-- What you need to do --
Return the entries in full, exactly as they were written.

-- Given records --

lemma real_dirichlet_char_mod:
  assumes "real_dirichlet_char q \<chi>"
  shows "\<chi> a = \<chi> (a mod q)"
  using real_dirichlet_char_add_mult[OF assms, of "a mod q" "a div q"] by simp

lemma real_dirichlet_char_mult:
  assumes "real_dirichlet_char q \<chi>"
  shows "\<chi> (m * n) = \<chi> m * \<chi> n"
  using assms by (simp add: real_dirichlet_char_def)

lemma real_dirichlet_char_power:
  assumes "real_dirichlet_char q \<chi>"
  shows "\<chi> (a ^ e) = \<chi> a ^ e"
  using assms by (induction e) (simp_all add: real_dirichlet_char_def)

lemma real_dirichlet_char_sign:
  assumes "real_dirichlet_char q \<chi>" "q > 0" "coprime a q"
  shows "\<chi> a = 1 \<or> \<chi> a = -1"
proof -
  have "[a ^ totient q = 1] (mod q)"
    using euler_theorem[OF assms(3)] .
  then have "\<chi> (a ^ totient q) = \<chi> 1"
    using real_dirichlet_char_mod[OF assms(1)] unfolding cong_def by metis
  then have "\<chi> a ^ totient q = 1"
    using assms(1) real_dirichlet_char_power[OF assms(1)] by (simp add: real_dirichlet_char_def)
  moreover have "totient q > 0"
    using assms(2) by simp
  ultimately show ?thesis
    by (smt (verit) real_root_one root_abs_power)
qed

lemma modified_char_mult:
  assumes "modified_char q \<chi> \<chi>t" "m > 0" "n > 0"
  shows "\<chi>t (m * n) = \<chi>t m * \<chi>t n"
  using assms by (simp add: modified_char_def)

lemma modified_char_eq_on_coprime:
  assumes dc: "real_dirichlet_char q \<chi>" and mc: "modified_char q \<chi> \<chi>t"
  shows "m > 0 \<Longrightarrow> coprime m q \<Longrightarrow> \<chi>t m = \<chi> m"
proof (induction m rule: prime_divisors_induct)
  case (unit x)
  then show ?case
    using dc mc by (simp add: real_dirichlet_char_def modified_char_def)
next
  case (factor p x)
  then have "x > 0" "coprime p q" "coprime x q"
    by auto
  then have "\<not> p dvd q"
    using factor.hyps by (metis coprime_absorb_left not_prime_unit)
  then have "\<chi>t p = \<chi> p"
    using mc factor.hyps by (simp add: modified_char_def)
  moreover have "\<chi>t x = \<chi> x"
    using factor.IH \<open>x > 0\<close> \<open>coprime x q\<close> .
  ultimately show ?case
    using modified_char_mult[OF mc] real_dirichlet_char_mult[OF dc] \<open>x > 0\<close> factor.hyps
      prime_gt_0_nat by metis
qed simp

lemma modified_char_sign:
  assumes dc: "real_dirichlet_char q \<chi>" and mc: "modified_char q \<chi> \<chi>t" and "q > 0"
  shows "m > 0 \<Longrightarrow> \<chi>t m = 1 \<or> \<chi>t m = -1"
proof (induction m rule: prime_divisors_induct)
  case (unit x)
  then show ?case
    using mc by (simp add: modified_char_def)
next
  case (factor p x)
  have "\<chi>t p = 1 \<or> \<chi>t p = -1"
  proof (cases "p dvd q")
    case True
    then show ?thesis
      using mc factor.hyps by (simp add: modified_char_def)
  next
    case False
    then have "coprime p q"
      using factor.hyps by (simp add: prime_imp_coprime)
    then show ?thesis
      using modified_char_eq_on_coprime[OF dc mc] real_dirichlet_char_sign[OF dc \<open>q > 0\<close>]
        factor.hyps prime_gt_0_nat by metis
  qed
  moreover have "x > 0"
    using factor.prems by simp
  ultimately show ?case
    using factor mc by (auto simp: modified_char_mult prime_gt_0_nat)
qed simp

-- Answer box --
lemma real_dirichlet_char_mod:
  assumes "real_dirichlet_char q \<chi>"
  shows "\<chi> a = \<chi> (a mod q)"
  using real_dirichlet_char_add_mult[OF assms, of "a mod q" "a div q"] by simp

lemma real_dirichlet_char_mult:
  assumes "real_dirichlet_char q \<chi>"
  shows "\<chi> (m * n) = \<chi> m * \<chi> n"
  using assms by (simp add: real_dirichlet_char_def)

lemma real_dirichlet_char_power:
  assumes "real_dirichlet_char q \<chi>"
  shows "\<chi> (a ^ e) = \<chi> a ^ e"
  using assms by (induction e) (simp_all add: real_dirichlet_char_def)

lemma real_dirichlet_char_sign:
  assumes "real_dirichlet_char q \<chi>" "q > 0" "coprime a q"
  shows "\<chi> a = 1 \<or> \<chi> a = -1"
proof -
  have "[a ^ totient q = 1] (mod q)"
    using euler_theorem[OF assms(3)] .
  then have "\<chi> (a ^ totient q) = \<chi> 1"
    using real_dirichlet_char_mod[OF assms(1)] unfolding cong_def by metis
  then have "\<chi> a ^ totient q = 1"
    using assms(1) real_dirichlet_char_power[OF assms(1)] by (simp add: real_dirichlet_char_def)
  moreover have "totient q > 0"
    using assms(2) by simp
  ultimately show ?thesis
    by (smt (verit) real_root_one root_abs_power)
qed

lemma modified_char_mult:
  assumes "modified_char q \<chi> \<chi>t" "m > 0" "n > 0"
  shows "\<chi>t (m * n) = \<chi>t m * \<chi>t n"
  using assms by (simp add: modified_char_def)

lemma modified_char_eq_on_coprime:
  assumes dc: "real_dirichlet_char q \<chi>" and mc: "modified_char q \<chi> \<chi>t"
  shows "m > 0 \<Longrightarrow> coprime m q \<Longrightarrow> \<chi>t m = \<chi> m"
proof (induction m rule: prime_divisors_induct)
  case (unit x)
  then show ?case
    using dc mc by (simp add: real_dirichlet_char_def modified_char_def)
next
  case (factor p x)
  then have "x > 0" "coprime p q" "coprime x q"
    by auto
  then have "\<not> p dvd q"
    using factor.hyps by (metis coprime_absorb_left not_prime_unit)
  then have "\<chi>t p = \<chi> p"
    using mc factor.hyps by (simp add: modified_char_def)
  moreover have "\<chi>t x = \<chi> x"
    using factor.IH \<open>x > 0\<close> \<open>coprime x q\<close> .
  ultimately show ?case
    using modified_char_mult[OF mc] real_dirichlet_char_mult[OF dc] \<open>x > 0\<close> factor.hyps
      prime_gt_0_nat by metis
qed simp

lemma modified_char_sign:
  assumes dc: "real_dirichlet_char q \<chi>" and mc: "modified_char q \<chi> \<chi>t" and "q > 0"
  shows "m > 0 \<Longrightarrow> \<chi>t m = 1 \<or> \<chi>t m = -1"
proof (induction m rule: prime_divisors_induct)
  case (unit x)
  then show ?case
    using mc by (simp add: modified_char_def)
next
  case (factor p x)
  have "\<chi>t p = 1 \<or> \<chi>t p = -1"
  proof (cases "p dvd q")
    case True
    then show ?thesis
      using mc factor.hyps by (simp add: modified_char_def)
  next
    case False
    then have "coprime p q"
      using factor.hyps by (simp add: prime_imp_coprime)
    then show ?thesis
      using modified_char_eq_on_coprime[OF dc mc] real_dirichlet_char_sign[OF dc \<open>q > 0\<close>]
        factor.hyps prime_gt_0_nat by metis
  qed
  moreover have "x > 0"
    using factor.prems by simp
  ultimately show ?case
    using factor mc by (auto simp: modified_char_mult prime_gt_0_nat)
qed simp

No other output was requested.